I am literally made up entirely of dirt and grace. If you don't believe me, read your Bible. In the beginning, God reached down into the earth, scooped up a pile of dirt, breathed life into it by His grace, and boom... thousands of years later, here I am. It puts things into perspective, doesn't it? At the end of the day, you and I are simply products of dirt and grace. In the midst of all of our circumstances, all our fears, all our accomplishments, all our failures, we are just little mountains of dust that have come alive through God's grace. Apart from the grace, there's just a lot of dirt. With the grace, there's a beautiful spirit and a vessel ready to be used for something greater than itself.
If we aren't careful, we see more dirt than grace sometimes. We see our brokenness, we see our shortcomings, we see our sickness, or our failed attempts to achieve whatever we had set our hopes on, our messy homes, our messed up relationships, our menial jobs, or our forgotten dreams. In our dead-set gaze on the dirt, we start to live life with little purpose, with little motivation, with little passion. We become overwhelmed by hopelessness and fear. After all, who am I except a big pile of dirt?
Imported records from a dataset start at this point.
(* Let $R\in\mathbb{R}^{n\times d}$ have rows $x_1,\dots,x_n$ with $\|x_i\|_2\le B$, assumed centered, and let $\hat\Sigma_R=\frac1n R^\top R$ with eigenvalues $\lambda_1(\hat\Sigma_R)\ge\dots\ge\lambda_d(\hat\Sigma_R)$. Suppose $\mathrm{gap}_k(R):=\lambda_k(\hat\Sigma_R)-\lambda_{k+1}(\hat\Sigma_R)>0$. Then $$\mathrm{RS}_{P_k}(R)\le\frac{2\sqrt2\,B^2}{(n+1)\,\mathrm{gap}_k(R)}.$$
   Context: For a finite set of vectors $S$, $\hat\Sigma_S=\frac{1}{|S|}\sum_{x\in S}xx^\top$ (so $\hat\Sigma_{R\cup\{x\}}=\frac{1}{n+1}(\sum_{i}x_ix_i^\top+xx^\top)$). For a symmetric matrix $\Sigma$, $P_k(\Sigma)=V_kV_k^\top$ where $V_k$ contains orthonormal eigenvectors for the $k$ largest eigenvalues. The retain sensitivity of the rank-$k$ projector is $\mathrm{RS}_{P_k}(R)=\max_{x}\|P_k(\hat\Sigma_{R\cup\{x\}})-P_k(\hat\Sigma_R)\|_F$, the maximum over added points $x\in\mathbb{R}^d$ with $\|x\|_2\le B$. *)

theory Defs
  imports "HOL-Analysis.Analysis"
begin

definition outer :: "real^'d \<Rightarrow> real^'d \<Rightarrow> real^'d^'d" where
  "outer u v = (\<chi> a b. u $ a * v $ b)"

definition frob_norm :: "real^'d^'d \<Rightarrow> real" where
  "frob_norm M = sqrt (\<Sum>a\<in>UNIV. \<Sum>b\<in>UNIV. (M $ a $ b)^2)"

text \<open>A full orthonormal eigendecomposition of S: eigenvectors U 0, ..., U (d-1)
  (orthonormal, hence a basis) with eigenvalues lam 0 \<ge> ... \<ge> lam (d-1),
  listed with multiplicity in non-increasing order (0-based indices).\<close>
definition sym_eigdecomp :: "real^'d^'d \<Rightarrow> (nat \<Rightarrow> real) \<Rightarrow> (nat \<Rightarrow> real^'d) \<Rightarrow> bool" where
  "sym_eigdecomp S lam U \<longleftrightarrow>
     (\<forall>i<CARD('d). \<forall>j<CARD('d). U i \<bullet> U j = (if i = j then 1 else 0)) \<and>
     (\<forall>i<CARD('d). S *v U i = lam i *\<^sub>R U i) \<and>
     (\<forall>i j. i \<le> j \<and> j < CARD('d) \<longrightarrow> lam j \<le> lam i)"

text \<open>Eigenvalues in non-increasing order: eigval S (j-1) is lambda_j(S) (1-based in the paper).\<close>
definition eigval :: "real^'d^'d \<Rightarrow> nat \<Rightarrow> real" where
  "eigval S = (SOME lam. \<exists>U. sym_eigdecomp S lam U)"

text \<open>Rank-k projector P_k(S) = V_k V_k^T, V_k = eigenvectors of the k largest eigenvalues
  (if ties make the choice non-unique, some fixed choice is taken).\<close>
definition Pk :: "nat \<Rightarrow> real^'d^'d \<Rightarrow> real^'d^'d" where
  "Pk k S = (SOME P. \<exists>lam U. sym_eigdecomp S lam U \<and> P = (\<Sum>i<k. outer (U i) (U i)))"

definition emp_cov :: "(nat \<Rightarrow> real^'d) \<Rightarrow> nat \<Rightarrow> real^'d^'d" where
  "emp_cov R n = (1 / real n) *\<^sub>R (\<Sum>i<n. outer (R i) (R i))"

definition emp_cov_add :: "(nat \<Rightarrow> real^'d) \<Rightarrow> nat \<Rightarrow> real^'d \<Rightarrow> real^'d^'d" where
  "emp_cov_add R n x = (1 / (real n + 1)) *\<^sub>R ((\<Sum>i<n. outer (R i) (R i)) + outer x x)"

definition retain_sens :: "nat \<Rightarrow> real \<Rightarrow> (nat \<Rightarrow> real^'d) \<Rightarrow> nat \<Rightarrow> real" where
  "retain_sens k B R n =
     (SUP x\<in>{x :: real^'d. norm x \<le> B}. frob_norm (Pk k (emp_cov_add R n x) - Pk k (emp_cov R n)))"

end

theory Submission
  imports Defs
begin

text \<open>Adding a point x turns the unnormalised scatter matrix S = sum_i x_i x_i^T into
  S + x x^T. As x x^T is positive semidefinite, Courant-Fischer shows that no eigenvalue
  decreases, so for a new top-k eigenvector v_j and an old bottom eigenvector u_i
  (j < k <= i) the separation mu_j - lambda_i is at least the k-th eigengap of S, which is
  n gap_k(R). Evaluating u_i^T (S + x x^T) v_j in two ways gives
  (mu_j - lambda_i) <u_i, v_j> = <u_i, x> <x, v_j>, and then
  |P' - P|_F^2 = 2 sum_{j < k <= i} <u_i, v_j>^2 <= 2 |x|^4 / (n gap_k(R))^2.
  The resulting bound sqrt 2 B^2 / (n gap_k(R)) is sharper than the claimed one.\<close>

definition orthonormal_upto :: "(nat \<Rightarrow> real^'d) \<Rightarrow> nat \<Rightarrow> bool" where
  "orthonormal_upto U m \<longleftrightarrow> (\<forall>i<m. \<forall>j<m. U i \<bullet> U j = (if i = j then 1 else 0))"

definition frob_inner :: "real^'d^'d \<Rightarrow> real^'d^'d \<Rightarrow> real" where
  "frob_inner A B = (\<Sum>a\<in>UNIV. \<Sum>b\<in>UNIV. A $ a $ b * B $ a $ b)"

lemma transpose_outer: "transpose (outer x y) = outer y x"
  by (simp add: transpose_def outer_def mult.commute)

lemma transpose_add: "transpose (A + B) = transpose A + transpose (B :: 'a::semiring_1^'n^'m)"
  by (simp add: transpose_def vec_eq_iff)

lemma transpose_sum: "transpose (\<Sum>i\<in>I. A i) = (\<Sum>i\<in>I. transpose (A i :: 'a::semiring_1^'n^'m))"
  by (simp add: transpose_def vec_eq_iff sum_component)

lemma outer_mult: "outer x y *v v = (y \<bullet> v) *\<^sub>R x"
  by (simp add: vec_eq_iff outer_def matrix_vector_mult_def inner_vec_def sum_distrib_left mult_ac)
When the dirt met grace, though, watch out world. There's life in there. Not just any life, either, but the life of God. The proof is stamped on the dirt that now bears His image. The dirt was no match for that grace. When grace met dirt, it changed it into something strong, something victorious, something beautiful. When we operate out of the understanding that we ourselves are the outcome of God's grace, there's not much that can stand against us and there's certainly nothing that can prevail.
When I realize what I am at my core, I am humbled. Humbled because I know that without God I am nothing at all. I am also strengthened. Strengthened because I know that though there's not much good about this 22 year old girl who can't seem to get through a single day without falling on her face, there's a powerful thing called grace dwelling on the inside of me that is more than enough for me to get up and keep going.